5000 series (we just called them "5's") can handle most anything in the surf except maybe the bigger toothies as long as you maintain your reels and use your drag properly.


----------



## yaknfish (Dec 18, 2011)

Thanks! I didn't mean to drop the ball on this thread. I found an old Mitchell 302 in need of some TLC. I'm gonna see if it'll clean up and give a few more years service. Fishin' with the old classics is fun. And, it's paid for!


----------



## Bubbaforsure (Jan 5, 2012)

yaknfish said:


> Thanks! I didn't mean to drop the ball on this thread. I found an old Mitchell 302 in need of some TLC. I'm gonna see if it'll clean up and give a few more years service. Fishin' with the old classics is fun. And, it's paid for!

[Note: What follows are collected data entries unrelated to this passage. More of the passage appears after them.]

lemma sum_of_nat_mult_indicator:
  assumes "finite J" "S \<subseteq> J"
  shows "(\<Sum>j\<in>{j\<in>J. P j}. real (f j) * indicator S j) = real (\<Sum>j\<in>{j\<in>S. P j}. f j)"
proof -
  have "(\<Sum>j\<in>{j\<in>J. P j}. real (f j) * indicator S j)
      = (\<Sum>j\<in>{j\<in>J. P j} \<inter> S. real (f j))"
    using assms(1) by (intro Indicator_Function.sum_mult_indicator) simp
  also have "{j\<in>J. P j} \<inter> S = {j\<in>S. P j}"
    using assms(2) by auto
  finally show ?thesis
    by (simp add: of_nat_sum)
qed

lemma frac_feasible_indicator:
  assumes "finite J" "early_set J p d S"
  shows "frac_feasible J p d (indicator S)"
  unfolding frac_feasible_def
proof (intro conjI ballI)
  fix j assume "j \<in> J"
  show "(0::real) \<le> indicator S j" "indicator S j \<le> (1::real)"
    by (simp_all add: indicator_def)
  have "S \<subseteq> J"
    using assms(2) unfolding early_set_def by blast
  with assms(1) have "(\<Sum>l\<in>{l\<in>J. d l \<le> d j}. real (p l) * indicator S l)
      = real (\<Sum>l\<in>{l\<in>S. d l \<le> d j}. p l)"
    by (rule sum_of_nat_mult_indicator)
  also have "\<dots> \<le> real (d j)"
    using assms(2) \<open>j \<in> J\<close> unfolding early_set_def of_nat_le_iff by blast
  finally show "(\<Sum>l\<in>{l\<in>J. d l \<le> d j}. real (p l) * indicator S l) \<le> real (d j)" .
qed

Great reel...wish I would have bought a truck load of long ago...A used Penn 706 ,manual pickup would work well too!


----------



## likestofish (Jan 13, 2012)

The old reels will last too. They dont make them like that anymore.


----------



## NCHillbilly (Jan 14, 2012)

I've got a couple Okumas that weren't too expensive and do the job pretty good. But I don't do a lot a salt fishing, so I don't know how long they'd hold up if you were using them on a regular basis.


----------